Отец был обижен, отношения с ним потеряли былую теплоту, впрочем, в то время это казалось потерей не большей, чем сломанная сигарета. А потом у «старика» пошёл разлад с матерью – ссоры, глупые игры в молчанку, добавление в игнор: «Передай матери, у неё что-то на плите горит… Передай отцу, его ужин в холодильнике». После развода отношения отца с дочерью совсем охладели: так… звонил раз в неделю, иногда встречались на террасе какой-нибудь кафешки. Точка.
Парни, с которыми приходилось сталкиваться в училище, не вызывали у Кристины ничего кроме презрения. Времена были «пацанские», и даже тщедушный «ботан» в очёчках пытался гнуть пальцы веером и ботать по фене.
Рисовались друг перед другом, стоили из себя крутых самцов: «Ничё так, тёла. Зацени корму». С видом знатоков нагло разглядывали Кристину, пренебрежительными струйками пускали сигаретный дым, а потом злобно шипели ей вслед: «С-сучка!». Но последнее это уже так… лекарство для души после её категоричного: «Туалет в конце коридора, шли бы передёрнули коллективно. Сухостой, говорят, вреден для здоровья».
Исключение составлял Серик – от фамилии Сериков. Щупленький, невысокий, без понтов. В тот день четверо однокурсников прижали его к стене позади главного учебного корпуса. Кристина курила неподалёку, равнодушно наблюдая за разборкой, потом не выдержала – смяла о шершавую бетонную стену окурок:
– Эй, убогие! Может, помочь? А то чё-то маловато вас против одного.
Парни насторожились. Ей и раньше доводилось строить их по струнке. Робели перед её красотой, перед недоступностью, перед уверенностью, граничащей с наглостью. Боялись возможных последствий, – много «крутых» пыталось добиться взаимности Кристины. А ещё была она на год старше, плюс пара-тройка условных лет на опережающее женское развитие. Она-то и не думала о них иначе, как «щенки».
Презрительно оглядев притихших парней, Кристина поманила Серика пальцем.
– Иди за мной.
– Чеши, пока трамваи ходят, – запоздало осмелел кто-то за её спиной.
Кристина не обернулась, и Серика за рукав дёрнула, чтобы не оглядывался. Много чести.
Уведя парнишку на безопасное расстояние, посоветовала на прощание:
– Держись от них подальше, если не можешь за себя постоять.

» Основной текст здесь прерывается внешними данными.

lemma unit_fraction_sum_min_denominator:
  assumes I: "finite I" "m \<in> I" "\<forall>i\<in>I. s m \<le> s i" "\<forall>i\<in>I. s i > (0::nat)"
    and b: "b > 0" and sum: "(\<Sum>i\<in>I. 1 / real (s i)) = real a / real b"
  shows "s m \<le> card I * b" "b \<le> a * s m"
proof -
  have sm: "s m > 0" using I by auto
  have "0 < (\<Sum>i\<in>I. 1 / real (s i))" using I by (intro sum_pos) auto
  then have a_pos: "a > 0" using sum by (cases a) auto
  have "real a / real b \<le> (\<Sum>i\<in>I. 1 / real (s m))"
    unfolding sum[symmetric] using I sm by (intro sum_mono) (simp add: frac_le)
  then have "real a * real (s m) \<le> real (card I) * real b"
    using sm b by (simp add: divide_simps)
  then have "a * s m \<le> card I * b" by (simp only: of_nat_le_iff flip: of_nat_mult)
  moreover have "s m \<le> a * s m" using a_pos by simp
  ultimately show "s m \<le> card I * b" by linarith
  have "1 / real (s m) \<le> (\<Sum>i\<in>I. 1 / real (s i))"
    using I by (intro member_le_sum) auto
  then have "real b \<le> real a * real (s m)"
    using sm b sum by (simp add: divide_simps)
  then show "b \<le> a * s m" by (simp only: of_nat_le_iff flip: of_nat_mult)
qed

lemma egyptian_fraction_denominator_le:
  assumes "finite I" "card I \<le> k" "\<forall>i\<in>I. s i > (0::nat)" "b > 0"
    and "(\<Sum>i\<in>I. 1 / real (s i)) = real a / real b"
  shows "\<forall>i\<in>I. s i \<le> egyptian_bound k b"
  using assms
proof (induction k arbitrary: I a b)
  case (Suc k)
  show ?case
  proof (cases "I = {}")
    case False
    have "Min (s ` I) \<in> s ` I" using Suc.prems(1) False by simp
    then obtain m where "m \<in> I" "s m = Min (s ` I)" by auto
    then have m: "m \<in> I" "\<forall>i\<in>I. s m \<le> s i" using Suc.prems(1) by auto
    note min = unit_fraction_sum_min_denominator[OF Suc.prems(1) m Suc.prems(3-5)]
    have sm: "s m > 0" using m Suc.prems(3) by auto
    have sm_le: "s m \<le> Suc k * b" using min(1) Suc.prems(2) by (meson le_trans mult_le_mono1)
    have "(\<Sum>i\<in>I - {m}. 1 / real (s i)) = real a / real b - 1 / real (s m)"
      using Suc.prems(1,5) m(1) by (simp add: sum_diff1)
    also have "\<dots> = real (a * s m - b) / real (b * s m)"
      using min(2) sm Suc.prems(4) by (simp add: of_nat_diff divide_simps)
    finally have "\<forall>i\<in>I - {m}. s i \<le> egyptian_bound k (b * s m)"
      using Suc.prems m sm by (intro Suc.IH) auto
    moreover have "egyptian_bound k (b * s m) \<le> egyptian_bound k (Suc k * b * b)"
      using sm_le by (intro egyptian_bound_mono) (simp add: mult.commute mult_le_mono)
    ultimately show ?thesis
      using sm_le by (auto intro: le_trans trans_le_add1 trans_le_add2)
  qed simp
qed simp

(* Summed over the orbits, the reciprocals of the stabiliser orders give card E / order G = 1. *)
lemma (in group_action) card_stabilizer_le_egyptian_bound:
  assumes fin: "finite (carrier G)" and card_E: "card E = order G"
    and x: "x \<in> E" and r: "card (orbits G E \<phi>) \<le> r"
  shows "card (stabilizer G \<phi> x) \<le> egyptian_bound r 1"
proof -
  have "group G" using group_hom group_hom.axioms(1) by blast
  then have ord_pos: "order G > 0"
    using fin by (simp add: group.is_monoid monoid.order_gt_0_iff_finite)
  then have finE: "finite E" using card_E by (metis card.infinite less_irrefl)
  define Orbs where "Orbs = orbits G E \<phi>"
  have finO: "finite Orbs" unfolding Orbs_def
    using orbits_coverture finE by (metis finite_UnionD)
  have card_orbit: "card (orbit G \<phi> y) * card (stabilizer G \<phi> y) = order G" if "y \<in> E" for y
    using orbit_stabilizer_theorem[OF that] .
  define s where "s Ob = order G div card Ob" for Ob :: "'c set"
  have s_orbit: "s (orbit G \<phi> y) = card (stabilizer G \<phi> y)" if "y \<in> E" for y
    using card_orbit[OF that] ord_pos unfolding s_def by (metis div_mult_self1_is_m gr0I mult_0)
  have stab_pos: "card (stabilizer G \<phi> y) > 0" if "y \<in> E" for y
    using card_orbit[OF that] ord_pos by (metis gr0I mult_0_right)
  have "1 / real (card (stabilizer G \<phi> y)) = real (card (orbit G \<phi> y)) / real (order G)"
    if "y \<in> E" for y
    using card_orbit[OF that] stab_pos[OF that] ord_pos by (simp add: divide_simps flip: of_nat_mult)
  then have s_pos: "\<forall>Ob\<in>Orbs. s Ob > 0"
    and s_inv: "\<forall>Ob\<in>Orbs. 1 / real (s Ob) = real (card Ob) / real (order G)"
    using stab_pos unfolding Orbs_def orbits_def by (auto simp: s_orbit)
  have "(\<Sum>Ob\<in>Orbs. 1 / real (s Ob)) = real (\<Sum>Ob\<in>Orbs. card Ob) / real (order G)"
    using s_inv by (simp add: sum_divide_distrib)
  also have "(\<Sum>Ob\<in>Orbs. card Ob) = (\<Sum>Ob\<in>Orbs. \<Sum>y\<in>Ob. 1)" by simp
  also have "\<dots> = card E"
    unfolding Orbs_def disjoint_sum[OF finE] by simp
  finally have "(\<Sum>Ob\<in>Orbs. 1 / real (s Ob)) = real 1 / real 1"
    using card_E ord_pos by simp
  then have "\<forall>Ob\<in>Orbs. s Ob \<le> egyptian_bound r 1"
    using finO r s_pos unfolding Orbs_def by (intro egyptian_fraction_denominator_le) auto
  moreover have "orbit G \<phi> x \<in> Orbs" using x unfolding Orbs_def orbits_def by auto
  ultimately show ?thesis using s_orbit[OF x] by auto
qed

section \<open>Finite quotients\<close>

lemma reid_rel_image:
  assumes G: "group G" and H: "group H" and \<pi>: "\<pi> \<in> hom G H" "\<pi> ` carrier G = carrier H"
    and \<alpha>: "\<alpha> \<in> hom G G" and comm: "\<And>x. x \<in> carrier G \<Longrightarrow> \<pi> (\<alpha> x) = \<beta> (\<pi> x)"
    and x: "x \<in> carrier G"
  shows "\<pi> ` (reid_rel G \<alpha> `` {x}) = reid_rel H \<beta> `` {\<pi> x}"
proof -
  interpret G: group G by fact
  interpret H: group H by fact
  interpret \<pi>: group_hom G H \<pi> using \<pi>(1) by unfold_locales
  have image: "\<pi> (g \<otimes>\<^bsub>G\<^esub> x \<otimes>\<^bsub>G\<^esub> inv\<^bsub>G\<^esub> (\<alpha> g)) = \<pi> g \<otimes>\<^bsub>H\<^esub> \<pi> x \<otimes>\<^bsub>H\<^esub> inv\<^bsub>H\<^esub> (\<beta> (\<pi> g))"
    if "g \<in> carrier G" for g
    using that x \<alpha> by (simp add: hom_in_carrier comm)
  have in_G: "g \<otimes>\<^bsub>G\<^esub> x \<otimes>\<^bsub>G\<^esub> inv\<^bsub>G\<^esub> (\<alpha> g) \<in> carrier G" if "g \<in> carrier G" for g
    using that x \<alpha> by (simp add: hom_in_carrier)
  show ?thesis
  proof (intro equalityI subsetI)
    fix y assume "y \<in> \<pi> ` (reid_rel G \<alpha> `` {x})"
    then obtain z where "(x, z) \<in> reid_rel G \<alpha>" "y = \<pi> z" by blast
    then obtain g where g: "g \<in> carrier G" and y: "y = \<pi> (g \<otimes>\<^bsub>G\<^esub> x \<otimes>\<^bsub>G\<^esub> inv\<^bsub>G\<^esub> (\<alpha> g))"
      unfolding reid_rel_iff by blast
    have "\<pi> x \<in> carrier H" "\<pi> g \<in> carrier H" "y \<in> carrier H"
      using g x in_G[OF g] y by simp_all
    then show "y \<in> reid_rel H \<beta> `` {\<pi> x}"
      unfolding y image[OF g] Image_singleton_iff reid_rel_iff by blast
  next
    fix y assume "y \<in> reid_rel H \<beta> `` {\<pi> x}"
    then obtain h where "h \<in> carrier H" and y: "y = h \<otimes>\<^bsub>H\<^esub> \<pi> x \<otimes>\<^bsub>H\<^esub> inv\<^bsub>H\<^esub> (\<beta> h)"
      unfolding Image_singleton_iff reid_rel_iff by blast
    then obtain g where g: "g \<in> carrier G" "h = \<pi> g" using \<pi>(2) by auto
    have "(x, g \<otimes>\<^bsub>G\<^esub> x \<otimes>\<^bsub>G\<^esub> inv\<^bsub>G\<^esub> (\<alpha> g)) \<in> reid_rel G \<alpha>"
      unfolding reid_rel_iff using g(1) x in_G[OF g(1)] by blast
    moreover have "y = \<pi> (g \<otimes>\<^bsub>G\<^esub> x \<otimes>\<^bsub>G\<^esub> inv\<^bsub>G\<^esub> (\<alpha> g))" using g y image by simp
    ultimately show "y \<in> \<pi> ` (reid_rel G \<alpha> `` {x})" by blast
  qed
qed

lemma reid_classes_image:
  assumes "group G" "group H" "\<pi> \<in> hom G H" "\<pi> ` carrier G = carrier H"
    and "\<alpha> \<in> hom G G" "\<And>x. x \<in> carrier G \<Longrightarrow> \<pi> (\<alpha> x) = \<beta> (\<pi> x)"
  shows "reid_classes H \<beta> = (`) \<pi> ` reid_classes G \<alpha>"
proof -
  have "(`) \<pi> ` reid_classes G \<alpha> = (\<lambda>x. reid_rel H \<beta> `` {\<pi> x}) ` carrier G"
    unfolding reid_classes_eq_image image_image using reid_rel_image[OF assms] by simp
  also have "\<dots> = (\<lambda>y. reid_rel H \<beta> `` {y}) ` \<pi> ` carrier G" by (simp add: image_image)
  also have "\<dots> = reid_classes H \<beta>" by (simp add: assms(4) reid_classes_eq_image)
  finally show ?thesis ..
qed

lemma (in normal) FactGroup_induced_endomorphism:
  assumes "\<alpha> \<in> hom G G" "\<alpha> ` H \<subseteq> H"
  obtains \<beta> where "\<beta> \<in> hom (G Mod H) (G Mod H)" "\<And>x. x \<in> carrier G \<Longrightarrow> \<beta> (H #> x) = H #> \<alpha> x"
    "reid_classes (G Mod H) \<beta> = (`) (\<lambda>x. H #> x) ` reid_classes G \<alpha>"
proof -
  have "(\<lambda>x. H #> x) \<circ> \<alpha> \<in> hom G (G Mod H)"
    using assms(1) r_coset_hom_Mod by (rule Group.hom_compose)
  then interpret h: group_hom G "G Mod H" "(\<lambda>x. H #> x) \<circ> \<alpha>"
    by (simp add: group_hom_def group_hom_axioms_def is_group factorgroup_is_group)
  have "H \<subseteq> kernel G (G Mod H) ((\<lambda>x. H #> x) \<circ> \<alpha>)"
  proof
    fix k assume "k \<in> H"
    then have "k \<in> carrier G" "\<alpha> k \<in> H" using assms(2) by auto
    moreover from this have "H #> \<alpha> k = H"
      using coset_join2[OF hom_in_carrier[OF assms(1)] subgroup_axioms] by blast
    ultimately show "k \<in> kernel G (G Mod H) ((\<lambda>x. H #> x) \<circ> \<alpha>)" by (simp add: kernel_def)
  qed
  then obtain \<beta> where \<beta>: "\<beta> \<in> hom (G Mod H) (G Mod H)"
    "\<And>x. x \<in> carrier G \<Longrightarrow> \<beta> (H #> x) = ((\<lambda>x. H #> x) \<circ> \<alpha>) x"
    using h.FactGroup_universal_kernel[OF normal_axioms] by blast
  moreover have "reid_classes (G Mod H) \<beta> = (`) (\<lambda>x. H #> x) ` reid_classes G \<alpha>"
    using reid_classes_image[OF is_group factorgroup_is_group r_coset_hom_Mod _ assms(1)] \<beta>(2)
    by (simp add: carrier_FactGroup)
  ultimately show thesis using that by simp
qed

lemma finite_image_factor:
  assumes "finite (f ` A)" and "\<And>x y. x \<in> A \<Longrightarrow> y \<in> A \<Longrightarrow> f x = f y \<Longrightarrow> g x = g y"
  shows "finite (g ` A)"
proof -
  have "g ` A \<subseteq> (\<lambda>z. g (inv_into A f z)) ` f ` A"
  proof (rule image_subsetI)
    fix x assume x: "x \<in> A"
    have "inv_into A f (f x) \<in> A" "f (inv_into A f (f x)) = f x"
      using x by (simp_all add: inv_into_into f_inv_into_f)
    then have "g x = g (inv_into A f (f x))" using assms(2) x by metis
    then show "g x \<in> (\<lambda>z. g (inv_into A f z)) ` f ` A" using x by blast
  qed
  then show ?thesis using assms(1) by (meson finite_imageI finite_subset)
qed

lemma (in group) hom_eq_on_generate:
  assumes M: "group M" and hom: "\<rho> \<in> hom G M" "\<rho>' \<in> hom G M"
    and A: "A \<subseteq> carrier G" "\<And>a. a \<in> A \<Longrightarrow> \<rho> a = \<rho>' a" and x: "x \<in> generate G A"
  shows "\<rho> x = \<rho>' x"
  using x
proof (induction x rule: generate.induct)
  case one
  with M hom show ?case by (simp add: hom_one)
next
  case (incl h)
  with A show ?case by blast
next
  case (inv h)
  with A M hom show ?case by (auto simp: group_hom_def group_hom_axioms_def group_hom.hom_inv is_group)
next
  case (eng h1 h2)
  then have "h1 \<in> carrier G" "h2 \<in> carrier G" using generate_in_carrier[OF A(1)] by auto
  with eng.IH hom show ?case by (simp add: hom_mult)
qed

lemma (in group) finite_restrict_hom:
  assumes "fin_gen_group G" "group M" "finite (carrier M)"
  shows "finite ((\<lambda>\<rho>. restrict \<rho> (carrier G)) ` hom G M)"
proof -
  obtain A where A: "finite A" "A \<subseteq> carrier G" "generate G A = carrier G"
    using assms(1) by (auto simp: fin_gen_group_def)
  let ?R = "(\<lambda>\<rho>. restrict \<rho> (carrier G)) ` hom G M"
  have "inj_on (\<lambda>\<rho>. restrict \<rho> A) ?R"
  proof (rule inj_onI)
    fix r r' assume "r \<in> ?R" "r' \<in> ?R" and eq: "restrict r A = restrict r' A"
    then obtain \<rho> \<rho>' where \<rho>: "\<rho> \<in> hom G M" "\<rho>' \<in> hom G M"
      and r: "r = restrict \<rho> (carrier G)" "r' = restrict \<rho>' (carrier G)" by blast
    have "\<rho> a = \<rho>' a" if "a \<in> A" for a
      using fun_cong[OF eq, of a] that A(2) r by auto
    then have "\<rho> x = \<rho>' x" if "x \<in> carrier G" for x
      using hom_eq_on_generate[OF assms(2) \<rho> A(2)] that A(3) by blast
    with r show "r = r'" by (auto intro: restrict_ext)
  qed
  moreover have "(\<lambda>\<rho>. restrict \<rho> A) ` ?R \<subseteq> A \<rightarrow>\<^sub>E carrier M"
    using A(2) by (auto simp: hom_in_carrier)
  moreover have "finite (A \<rightarrow>\<^sub>E carrier M)" using A(1) assms(3) by (simp add: finite_PiE)
  ultimately show ?thesis by (metis finite_imageD finite_subset)
qed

Серик молчал, глядя на неё таким растерянным и вместе с тем преданным взглядом, что Кристина вместо того чтобы уйти невольно рассмеялась:
– Ладно, кофе угостишь?
Парнишка нелепо засуетился, испуганно полез рукой в карман джинсов.
– Не парься, – она повела плечом, поправляя ремешок сумки. – Деньги есть, пошли.
Столик приткнулся у витрины, густо испещрённой пыльными следами давешнего ливня. Солнце било рикошетом из стеклянной пепельницы. Небритый ковбой, собрав у глаз дружелюбные морщины, смотрел с рекламного билборда у перекрёстка.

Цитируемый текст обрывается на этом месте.